Figure 1 and Tables S4A-D show the distribution of levels of concordance for each gene delineated into five gene categories: non-ribosomal (NR), protein coding ribosomal (CR), rRNA, 16S HVR (16S rRNA gene hypervariable regions — discussed in more detail below), and rpo (RNA polymerase genes — discussed in more detail below). Overall, hypervariable regions and rRNA genes had among the lowest concordance. Specifically, concordance for the 16S rRNA gene was 64.7% (Staphylococcus), 51.6% (Clostridium), 40.0% (Legionella), and 46.7% (Campylobacter). To place these levels in perspective, for each genus, the following proportion of genes had higher concordance than the 16S rRNA gene: Staphylococcus = 59.4%, Clostridium = 72.5%, Legionella = 96.2%, and Campylobacter = 76.2%. The average concordance for protein coding ribosomal genes was intermediate between rRNA genes and non-ribosomal genes (rRNA = 42.3%, CR = 52.6%, NR = 66.0%, Table S5).

Fig. 1
figure 1

Levels of concordance with the species phylogeny for core genes sorted from lowest (left) to highest (right) for the 16S rRNA gene hypervariable regions (16S HVR, purple), rRNA genes (rRNA, pink), coding ribosomal genes (CR, light blue), non-ribosomal genes (NR, dark blue), and rpo genes (rpo, green). Colored dots correspond to levels of concordance with the species phylogeny for genes (and hypervariable regions). Degree of shading represents the number of loci observed for each level of concordance. For 16S HVR, SC, and NR, a single dot for each genus contains a number that shows the maximum number of loci observed across all levels of concordance for that genus. This dot will have the darkest level of shading. In all cases, there are multiple dots with this maximum level of shading and maximum loci count. For rRNA and rpo, there are only three loci (5S, 16S, 23S and rpoA, rpoB, rpoC) each with a frequency of one and the same degree of shading. The following designations indicate average concordance for each genus: Staphylococcus (S), Legionella (L), Clostridium (Cl), and Campylobacter (Ca). Hypervariable regions frequently used in microbiome research (V3-V4) are highlighted. Individual rRNA and rpo genes are designated as follows: 16S rRNA gene (16S), 23S rRNA gene (23S), 5S rRNA gene (5S), rpoA gene (A), rpoB gene (B), and rpoC gene (C)

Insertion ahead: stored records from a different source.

(* Let $\mathbf S_1,\mathbf S_2\in\mathrm{Sym}(m;2)$ and $\mathbf G_j=\mathbf G_U(\mathbf S_j)\mathbf H_N$ for $j=1,2$, and put $\mathbf G=\mathbf G_1^\dagger\mathbf G_2$ and $r=\mathrm{rank}(\mathbf S_1+\mathbf S_2)$. Then every column of $\mathbf G$ has exactly $2^r$ nonzero entries, each of modulus $2^{-r/2}$, and for each column the set of row indices $\mathbf b_1\in\mathbb F_2^m$ of its nonzero entries is a coset of the subspace $H=\mathrm{rs}(\mathbf S_1+\mathbf S_2)$ (row space over $\mathbb F_2$) in $\mathbb F_2^m$.
   Context: Fix $m\ge1$, $N=2^m$. $\mathrm{Sym}(m;2)$ is the set of symmetric binary $m\times m$ matrices; addition and rank are over $\mathbb F_2$. The standard basis of $\mathbb C^N=(\mathbb C^2)^{\otimes m}$ is $\{\mathbf e_{\mathbf v}=\mathbf e_{v_1}\otimes\cdots\otimes\mathbf e_{v_m}:\mathbf v\in\mathbb F_2^m\}$ and matrices on $\mathbb C^N$ are indexed by $\mathbb F_2^m\times\mathbb F_2^m$; $\dagger$ is conjugate transpose. $\mathbf G_U(\mathbf S)=\mathrm{diag}(i^{\mathbf v^T\mathbf S\mathbf v})_{\mathbf v\in\mathbb F_2^m}$, where $\mathbf v^T\mathbf S\mathbf v$ is computed in $\mathbb Z$ after lifting binary entries to $0,1$. $\mathbf H_N=\mathbf H_2^{\otimes m}=2^{-m/2}[(-1)^{\mathbf v^T\mathbf w}]_{\mathbf v,\mathbf w\in\mathbb F_2^m}$ with $\mathbf H_2=\frac1{\sqrt2}\begin{pmatrix}1&1\\1&-1\end{pmatrix}$. (The columns of $\mathbf G_U(\mathbf S)\mathbf H_N$ are the binary chirps with symmetric matrix $\mathbf S$.) *)

theory Defs
  imports "HOL-Analysis.Analysis" "HOL-Library.Z2"
begin

text \<open>F_2 is the field type bit; F_2^m is bit^'n with CARD('n) = m.\<close>

instance bit :: finite
proof
  have "(UNIV :: bit set) = {0, 1}" by (auto intro: bit.exhaust)
  then show "finite (UNIV :: bit set)" by (metis finite.emptyI finite.insertI)
qed

definition lift :: "bit \<Rightarrow> nat" where "lift b = of_bit b"

text \<open>v^T S v computed in Z (here in nat, all terms nonnegative) after lifting.\<close>
definition qform :: "bit^'n^'n \<Rightarrow> bit^'n \<Rightarrow> nat" where
  "qform S v = (\<Sum>i\<in>UNIV. \<Sum>j\<in>UNIV. lift (v$i) * lift (S$i$j) * lift (v$j))"

definition GU :: "bit^'n^'n \<Rightarrow> complex^(bit^'n)^(bit^'n)" where
  "GU S = (\<chi> v w. if v = w then \<i> ^ qform S v else 0)"

definition HN :: "complex^(bit^'n)^(bit^'n)" where
  "HN = (\<chi> v w. complex_of_real (2 powr (- real CARD('n) / 2)) *
                 (-1) ^ (\<Sum>i\<in>UNIV. lift (v$i) * lift (w$i)))"

definition dagger :: "complex^'m^'k \<Rightarrow> complex^'k^'m" where
  "dagger A = (\<chi> i j. cnj (A$j$i))"

end

theory Submission
  imports Defs
begin

(* The entry (b1, b2) of G is 2^-m T(b1 + b2), where T(c) = sum_v chi(v) (-1)^(v.c) is the
   correlation of the phase chi(v) = conj(i^(v^T S1 v)) i^(v^T S2 v). For symmetric S,
   i^((v+u)^T S (v+u)) = i^(v^T S v) i^(u^T S u) (-1)^(v^T S u), so
   chi(v + u) = chi(v) chi(u) (-1)^(v^T (S1 + S2) u). Consequently
   |T(c)|^2 = 2^m sum_{u in K} (-1)^(u.c) conj(chi(u)) with K = ker(S1 + S2), and chi is a
   character on K. Some T(c0) is nonzero because the T(c) sum to 2^m, and translation
   invariance of T under K then forces chi(u) = (-1)^(u.c0) on K. Hence |T(c)|^2 is 2^m |K| when
   c + c0 lies in the annihilator of K, which is the row space of S1 + S2, and 0 otherwise;
   |K| = 2^(m - r) yields the modulus 2^(-r/2). *)

definition bit_sign :: "bit \<Rightarrow> complex" where
  "bit_sign b = (if b = 0 then 1 else -1)"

To complement our gene ranking approach based on concordance with the species phylogeny, we additionally compared ranking based on gene phylogeny log-likelihood values and ran the approximately unbiased (AU) topology test [48]. Results showed the likelihood values to be highly concordant with concordance levels (Table S4A-D). For Campylobacter, four phylogenies showed no significant difference from the species phylogeny and these phylogenies showed the highest concordance (100%) (Table S4A-D). For Clostridium, one phylogeny showed no significant difference and showed the highest concordance (93.5%). For Staphylococcus, one phylogeny showed no significant difference and showed the highest concordance (100%). For Legionella, three phylogenies showed no significant difference. Concordance for these phylogenies was very high, ranking joint first, 12th, and 22nd out of 408 loci (88.9%, 82.2%, and 80.0% concordance respectively).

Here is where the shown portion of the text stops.